When I originally read the Bindel and Kelly paper, I wondered why they used the term 'prostituted women' instead of 'sex workers'. The meaning of the language is pretty clear. It denies the 'agency' of the women. Well, no actually. The Swedish law says that prostitution is an expression of the unequal power between men and women. Any 'agency' that the women have is confined to a realm defined by the power relation in which they find themselves. The Swedish government, alone in the world, has decided that this relation must be equalized. It has therefore completely decriminalized the provision of sexual services and criminalized the purchase of them. The Swedish approach locates the cause of prostitution in the arena of demand – whatever women’s social circumstances they would not and could not sell sex if there were no one willing to pay for it. The underlying reason for the existence of prostitution is the continued inequality between women and men, and men’s sense of (obligation-free) entitlement to sex. Prostitution is regarded as a form of sexual violence. In terms of the wider social effects prostitution contributes to the inferior status of all women and girls - and this links back very neatly to the fear induced in all young women by the murders in Suffolk.

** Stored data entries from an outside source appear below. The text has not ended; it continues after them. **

text \<open>Proof: take a maximal superset S of S0 carrying all 3-cycles; S \<union> g S still does.\<close>
lemma has_3cycles_grow:
  assumes S0: "has_3cycles S0" "S0 \<subseteq> V"
    and G: "\<And>g. g \<in> G \<Longrightarrow> inH g \<and> g permutes V"
    and two: "\<And>g. g \<in> G \<Longrightarrow> \<exists>u v. u \<in> S0 \<and> v \<in> S0 \<and> g u \<in> S0 \<and> g v \<in> S0 \<and> u \<noteq> v"
    and invariant: "\<And>T. S0 \<subseteq> T \<Longrightarrow> T \<subseteq> V \<Longrightarrow> (\<And>g. g \<in> G \<Longrightarrow> g ` T \<subseteq> T) \<Longrightarrow> T = V"
  shows "has_3cycles V"
proof -
  let ?P = "\<lambda>S. S0 \<subseteq> S \<and> S \<subseteq> V \<and> has_3cycles S"
  obtain S where S: "?P S" and max: "\<And>S'. ?P S' \<Longrightarrow> card S' \<le> card S"
    using ex_has_greatest_nat[of ?P S0 card "Suc (card V)"] S0 finite_V
    by (auto simp: card_mono le_imp_less_Suc)
  have "finite S" using S finite_V finite_subset by blast
  have "g ` S \<subseteq> S" if gG: "g \<in> G" for g
  proof -
    have g: "inH g" "g permutes V" using G[OF gG] by auto
    obtain u v where uv: "u \<in> S0" "v \<in> S0" "g u \<in> S0" "g v \<in> S0" "u \<noteq> v"
      using two[OF gG] by blast
    have gS: "g ` S \<subseteq> V" using S permutes_image[OF g(2)] by blast
    have "g u \<noteq> g v" using uv(5) g(2) by (metis permutes_inj injD)
    moreover have "has_3cycles (g ` S)" using has_3cycles_image[OF g] S by blast
    ultimately have "has_3cycles (S \<union> g ` S)"
      using has_3cycles_union[of S "g ` S" "g u" "g v"] S uv gS by auto
    then have "card (S \<union> g ` S) \<le> card S" using S gS by (intro max) auto
    then have "S \<union> g ` S = S" using card_seteq[of "S \<union> g ` S" S] \<open>finite S\<close> by auto
    then show ?thesis by blast
  qed
  then show ?thesis using invariant S by auto
qed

I like the Swedish argument. While legalization of prostitution has brought about (or resulted from) a significant change in social attitudes, in the sense that prostitutes are no longer blamed for their condition, we need to go a step further. The reason prostitutes remain at the bottom of the social ladder is that men can simply commodify something that would otherwise have to be negotiated as part of a human-to-human relationship (however fleeting). Legality reinforces the commodification and presents the delusion of an equal exchange.